Add an option to classify unknown OS and browsers as crawlers
As an attempt to detect non-humans more accurately, an option to classify unknown OS and browsers and crawlers help. In my case, I have 20% visitors with unknown OS and 12% with unknown browser. Here is the top list from last month:
509 python-requests/2.25.1
534 googlebot
563 Mozilla/5.0 (compatible; CensysInspect/1.1; https://about.censys.io/)
567 WordPress/5.1.5; https://takefive.cn
573 http.rb/4.4.1
612 MB-Web-Crawler
624 GoodBot
624 lanaibot please contact [email protected] for information
709 Mozilla/5.0 (compatible; SEOkicks; https://www.seokicks.de/robot.html)
762 https://github.com/blakeembrey/popsicle
768 Mozilla/5.0 (compatible; Neevabot/1.0; https://neeva.com/neevabot)
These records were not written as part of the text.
theorem lemma4p2:
  fixes N :: "'a set" and p :: 'a and k :: nat and S :: "nat \<Rightarrow> 'a set"
    and lam :: "'a set \<Rightarrow> real" and I :: "nat set"
  assumes "finite N" and "N \<noteq> {}" and "p \<notin> N"
    and "inj_on S {1..k}"
    and "minimal_balanced_on N (S ` {1..k})"
    and "balancing_weights N (S ` {1..k}) lam"
    and "I \<subseteq> {1..k}"
    and "(\<Sum>i\<in>I. lam (S i)) < 1"
  shows "minimal_balanced_on (insert p N)
           ((\<lambda>i. S i \<union> {p}) ` I \<union> S ` ({1..k} - I) \<union> {{p}})
       \<and> balancing_weights (insert p N)
           ((\<lambda>i. S i \<union> {p}) ` I \<union> S ` ({1..k} - I) \<union> {{p}})
           (\<lambda>T. if T = {p} then 1 - (\<Sum>i\<in>I. lam (S i))
                else if p \<in> T then lam (T - {p}) else lam T)"
proof -
  interpret one_point_extension N "S ` {1..k}" "S ` I" p
    using assms(1,3,5,7) unfolding minimal_balanced_on_def balanced_on_def
    by unfold_locales auto
  have sum_A: "sum lam (S ` I) = (\<Sum>i\<in>I. lam (S i))"
    using sum.reindex[OF inj_on_subset[OF assms(4,7)]] by simp
  with assms(8) have "sum lam (S ` I) < 1" by simp
  have collection: "point_extension p (S ` I) (S ` {1..k})
      = (\<lambda>i. S i \<union> {p}) ` I \<union> S ` ({1..k} - I) \<union> {{p}}"
  proof -
    have lifted: "insert p ` S ` I = (\<lambda>i. S i \<union> {p}) ` I" by auto
    have unlifted: "S ` {1..k} - S ` I = S ` ({1..k} - I)"
      using inj_on_image_set_diff[OF assms(4) Diff_subset assms(7)] by simp
    show ?thesis unfolding point_extension_def lift_image lifted unlifted by simp
  qed
  have weights: "point_extension_weights p (S ` I) lam
      = (\<lambda>T. if T = {p} then 1 - (\<Sum>i\<in>I. lam (S i)) else if p \<in> T then lam (T - {p}) else lam T)"
    unfolding point_extension_weights_def sum_A ..
  show ?thesis
    using minimal_balanced_on_point_extension[OF assms(5,6) \<open>sum lam (S ` I) < 1\<close>]
      balancing_weights_point_extension[OF assms(6) \<open>sum lam (S ` I) < 1\<close>]
    unfolding collection weights by (rule conjI)
qed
891 MauiBot (crawler.feedback [email protected])
933 Buck/2.2; ( https://app.hypefactors.com/media-monitoring/about.html)
1119 Scrapy/2.5.0 ( https://scrapy.org)
1341 colly - https://github.com/gocolly/colly
1734 omgili/0.5 http://omgili.com
2766 unirest-java/1.3.11
4341 got (https://github.com/sindresorhus/got)
5352 Go 1.1 package http
7143 newspaper/0.2.8
10197 -
It would be possible to detect more as I still have some more users with IE9 than IE11 (which is not possible, since I am requiring TLS 1.2).
The option could be extended with an optional argument to ignore more
OS and browsers (like "Others" and "Feeds"). So, I am unsure if the
name is the right one. At first, I wanted to extend
--ignore-crawlers with an optional argument, but --crawlers-only
makes it non suitable. Alternatively, we could have
--also-crawlers=Unknown,Others,Feeds.
That would be a step into the wrong direction in my opinion, as most unknown clients are not crawlers - except if you assume "cURL == crawler" which is also wrong. Your PR would make the detection less correct.
As you see in the excerpts of unknown OS/browsers, I don't have curl in top positions, but I have a lot of crawlers. Currently, they are misclassified.
Merged. Thanks for submitting this PR @vincentbernat. I like the idea of having this as an option. I'll be testing this out on my end and see what results I get.